**What needs to be done**
Somewhere below is a line with "u. u \<noteq>" and, later, a line with "theory Submission"; repeat those two lines and all the lines between them, exactly as they are.

**Given records**
(* Let $q$ be a prime power, $n\ge 2$, $c\in\mathbb{F}_q^*$ and $M=c\,\mathbb{I}_{n\times n}$. Let $\mathcal{B}_n=\{u\in\mathbb{F}_q^n : \langle u,u\rangle=0\}$ and $\nu'_M:\mathcal{B}_n\to\mathbb{F}_q$, $\nu'_M(u)=\langle u,Mu\rangle$. (i) If $q$ is even, then $\mathrm{Num}'_0(c\,\mathbb{I}_{n\times n})_q=\{0\}$ and $\sharp(\nu_M'^{-1}(0))=q^{n-1}$. (ii) Assume $q$ is odd. Then $\mathrm{Num}'_0(c\,\mathbb{I}_{n\times n})_q=\{0\}$ if either $n\ge 3$, or $n=2$ and $q\equiv 1\pmod 4$, while $\mathrm{Num}'_0(c\,\mathbb{I}_{n\times n})_q=\emptyset$ if $n=2$ and $q\equiv -1\pmod 4$. If $n=2s+1$ is odd, then $\sharp(\nu_M'^{-1}(0))=q^{2s}$. If $n=2s$ with either $s$ even or $q\equiv 1\pmod 4$, then $\sharp(\nu_M'^{-1}(0))=q^{2s-1}+q^s-q^{s-1}$. If $n=2s$ with $s$ odd and $q\equiv -1\pmod 4$, then $\sharp(\nu_M'^{-1}(0))=q^{2s-1}-q^s+q^{s-1}$.
   Context: The Hermitian form is $\langle u,v\rangle=\sum_i u_i^qv_i$; for $u=(x_1,\dots,x_n)\in\mathbb{F}_q^n$ and $M=(m_{ij})$ over $\mathbb{F}_q$, $\langle u,u\rangle=\sum x_i^2$ and $\langle u,Mu\rangle=\sum_{i,j}m_{ij}x_ix_j$. $\mathrm{Num}'_0(M)_q=\{\langle u,Mu\rangle: u\in\mathbb{F}_q^n\setminus\{0\},\ \langle u,u\rangle=0\}$. *)

theory Defs
  imports "HOL-Analysis.Analysis"
begin

text \<open>Vectors in F_q^n are 'a^'n with 'a a finite field (q = CARD('a)), n = CARD('n).
  Hermitian form <u,v> = sum_i u_i^q v_i.\<close>

definition herm :: "'a::{field,finite}^'n \<Rightarrow> 'a^'n \<Rightarrow> 'a" where
  "herm u v = (\<Sum>i\<in>UNIV. (u $ i) ^ CARD('a) * v $ i)"

definition Num0' :: "'a::{field,finite}^'n^'n \<Rightarrow> 'a set" where
  "Num0' M = {herm u (M *v u) | u. u \<noteq> 0 \<and> herm u u = 0}"

definition Bset :: "('a::{field,finite}^'n) set" where
  "Bset = {u. herm u u = 0}"

definition nu' :: "'a::{field,finite}^'n^'n \<Rightarrow> 'a^'n \<Rightarrow> 'a" where
  "nu' M u = herm u (M *v u)"

definition nu'_preimage :: "'a::{field,finite}^'n^'n \<Rightarrow> 'a \<Rightarrow> ('a^'n) set" where
  "nu'_preimage M a = {u \<in> Bset. nu' M u = a}"

end

theory Submission
  imports Defs
begin

text \<open>For \<open>M = c I\<close> one has \<open>\<langle>u, M u\<rangle> = c \<langle>u, u\<rangle>\<close>, and \<open>\<langle>u, u\<rangle> = \<Sum>i. x\<^sub>i\<^sup>2\<close> because
  \<open>x\<^sup>q = x\<close> in \<open>\<bbbF>\<^sub>q\<close>. Hence \<open>\<nu>'\<^sub>M\<^sup>-\<^sup>1(0) = \<B>\<^sub>n\<close>, and \<open>Num'\<^sub>0(M)\<close> is \<open>{0}\<close> or \<open>\<emptyset>\<close> according as
  \<open>\<B>\<^sub>n\<close> has a nonzero element or not; everything reduces to counting the solutions
  \<open>N\<^sub>k\<close> of \<open>x\<^sub>1\<^sup>2 + \<dots> + x\<^sub>k\<^sup>2 = 0\<close>.
  In characteristic 2 squaring is bijective, so \<open>N\<^sub>k = q\<^sup>k\<^sup>-\<^sup>1\<close>. For odd \<open>q\<close> every element is a
  sum of two squares and the form \<open>x\<^sup>2 + y\<^sup>2\<close> is multiplicative, so the number \<open>r(b)\<close> of
  representations \<open>x\<^sup>2 + y\<^sup>2 = b\<close> is the same for all \<open>b \<noteq> 0\<close>; with \<open>\<eta> = \<plusminus>1\<close> for
  \<open>q \<equiv> \<plusminus>1 (mod 4)\<close> one finds \<open>r(0) = q + (q - 1) \<eta>\<close> and \<open>r(1) = q - \<eta>\<close>. Splitting off two
  coordinates gives \<open>N\<^sub>k\<^sub>+\<^sub>2 = q \<eta> N\<^sub>k + (q - \<eta>) q\<^sup>k\<close>, which solves to the stated closed forms.\<close>

lemma card_UNIV_ge_2: "CARD('a::{field,finite}) \<ge> 2"
proof -
  have "card {0::'a, 1} \<le> CARD('a)" by (rule card_mono) auto
  then show ?thesis by simp
qed

lemma power_CARD_eq: "(x::'a::{field,finite}) ^ CARD('a) = x"
proof (cases "x = 0")
  case True
  then show ?thesis using card_UNIV_ge_2[where 'a='a] by simp
next
  case False
  define U where "U = (UNIV::'a set) - {0}"
  have "bij_betw ((*) x) U U"
    using False by (intro bij_betwI[where g="\<lambda>y. y / x"]) (auto simp: U_def)
  then have "(\<Prod>y\<in>U. x * y) = (\<Prod>y\<in>U. y)"
    by (rule prod.reindex_bij_betw)
  then have "x ^ card U * (\<Prod>y\<in>U. y) = 1 * (\<Prod>y\<in>U. y)"
    by (simp add: prod.distrib)
  moreover have "(\<Prod>y\<in>U. y) \<noteq> 0" by (simp add: U_def)
  ultimately have "x ^ card U = 1" by (rule mult_right_cancel[THEN iffD1, rotated])
  moreover have "CARD('a) = Suc (card U)"
    using card_UNIV_ge_2[where 'a='a] by (simp add: U_def card_Diff_singleton)
  ultimately show ?thesis by simp
qed

lemma even_card_fixpoint_free_involution:
  assumes "finite X" "\<And>x. x \<in> X \<Longrightarrow> h x \<in> X" "\<And>x. x \<in> X \<Longrightarrow> h (h x) = x"
    "\<And>x. x \<in> X \<Longrightarrow> h x \<noteq> x"
  shows "even (card X)"
  using assms
proof (induction "card X" arbitrary: X rule: less_induct)
  case less
  show ?case
  proof (cases "X = {}")
    case False
    then obtain x where x: "x \<in> X" by blast
    define Y where "Y = X - {x, h x}"
    have "h x \<noteq> x" using less x by auto
    moreover have sub: "{x, h x} \<subseteq> X" using less x by auto
    ultimately have cY: "card X = card Y + 2"
      using card_Diff_subset[OF _ sub] card_mono[OF less(2) sub] by (simp add: Y_def)
    have "even (card Y)"
    proof (rule less(1))
      show "card Y < card X" "finite Y" using cY less(2) by (simp_all add: Y_def)
      fix y assume "y \<in> Y"
      then show "h y \<in> Y" "h (h y) = y" "h y \<noteq> y"
        using less(3-5) x by (auto simp: Y_def) metis+
    qed
    then show ?thesis using cY by simp
  qed simp
qed

lemma minus_neq_self:
  fixes x :: "'a::field"
  assumes "(2::'a) \<noteq> 0" "x \<noteq> 0"
  shows "- x \<noteq> x"
proof
  assume "- x = x"
  then have "2 * x = 0" by (metis add.left_inverse mult_2)
  with assms show False by simp
qed

lemma two_eq_zero_iff_even_CARD: "(2::'a::{field,finite}) = 0 \<longleftrightarrow> even CARD('a)"
proof
  assume two: "(2::'a) = 0"
  show "even CARD('a)"
  proof (rule even_card_fixpoint_free_involution[where h="\<lambda>x. x + 1"])
    fix x :: 'a
    show "x + 1 + 1 = x" using two by (simp add: add.assoc one_add_one)
  qed simp_all
next
  assume even: "even CARD('a)"
  show "(2::'a) = 0"
  proof (rule ccontr)
    assume two: "(2::'a) \<noteq> 0"
    have "even (card ((UNIV::'a set) - {0}))"
    proof (rule even_card_fixpoint_free_involution[where h=uminus])
      fix x :: 'a assume "x \<in> UNIV - {0}"
      then show "- x \<noteq> x" using two by (simp add: minus_neq_self)
    qed auto
    then show False using even card_UNIV_ge_2[where 'a='a] by (simp add: card_Diff_singleton)
  qed
qed

lemma card_square_roots:
  assumes "(2::'a::{field,finite}) \<noteq> 0"
  shows "card {x::'a. x\<^sup>2 = d\<^sup>2} = (if d = 0 then 1 else 2)"
proof -
  have "{x::'a. x\<^sup>2 = d\<^sup>2} = {d, -d}" by (auto simp: power2_eq_iff)
  moreover have "d \<noteq> -d" if "d \<noteq> 0"
    using assms that by (rule minus_neq_self[symmetric])
  ultimately show ?thesis by auto
qed

definition nonzero_squares :: "'a::{field,finite} set" where
  "nonzero_squares = {y. y \<noteq> 0 \<and> (\<exists>x. y = x\<^sup>2)}"

lemma card_nonzero_squares:
  assumes "(2::'a::{field,finite}) \<noteq> 0"
  shows "CARD('a) - 1 = 2 * card (nonzero_squares::'a set)"
proof -
  have "(UNIV::'a set) - {0} = (\<Union>y\<in>nonzero_squares. {x. x\<^sup>2 = y})"
    by (auto simp: nonzero_squares_def)
  then have "card ((UNIV::'a set) - {0}) = (\<Sum>y\<in>nonzero_squares. card {x::'a. x\<^sup>2 = y})"
    by (simp only:) (rule card_UN_disjoint, auto)
  also have "\<dots> = (\<Sum>y\<in>(nonzero_squares::'a set). 2)"
    using card_square_roots[OF assms] by (intro sum.cong) (auto simp: nonzero_squares_def)
  finally show ?thesis by (simp add: card_Diff_singleton)
qed

lemma CARD_mod_4_if_minus_one_square:
  assumes odd: "odd CARD('a::{field,finite})" and i: "(i::'a)\<^sup>2 = -1"
  shows "CARD('a) mod 4 = 1"
proof -
  obtain m where m: "CARD('a) = Suc (2 * m)" using odd by (metis oddE Suc_eq_plus1)
  have "i \<noteq> 0" using i by auto
  moreover have "i * i ^ (2 * m) = i * 1" using power_CARD_eq[of i] m by simp
  ultimately have "(-1::'a) ^ m = 1" using i by (simp add: power_mult)
  moreover have "(-1::'a) \<noteq> 1"
    using minus_neq_self[of "1::'a"] odd two_eq_zero_iff_even_CARD[where 'a='a] by auto
  ultimately have "even m" by (metis power_minus_odd power_one)
  then show ?thesis using m by (auto elim!: evenE)
qed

**Task result**
  "Num0' M = {herm u (M *v u) | u. u \<noteq> 0 \<and> herm u u = 0}"

definition Bset :: "('a::{field,finite}^'n) set" where
  "Bset = {u. herm u u = 0}"

definition nu' :: "'a::{field,finite}^'n^'n \<Rightarrow> 'a^'n \<Rightarrow> 'a" where
  "nu' M u = herm u (M *v u)"

definition nu'_preimage :: "'a::{field,finite}^'n^'n \<Rightarrow> 'a \<Rightarrow> ('a^'n) set" where
  "nu'_preimage M a = {u \<in> Bset. nu' M u = a}"

end

theory Submission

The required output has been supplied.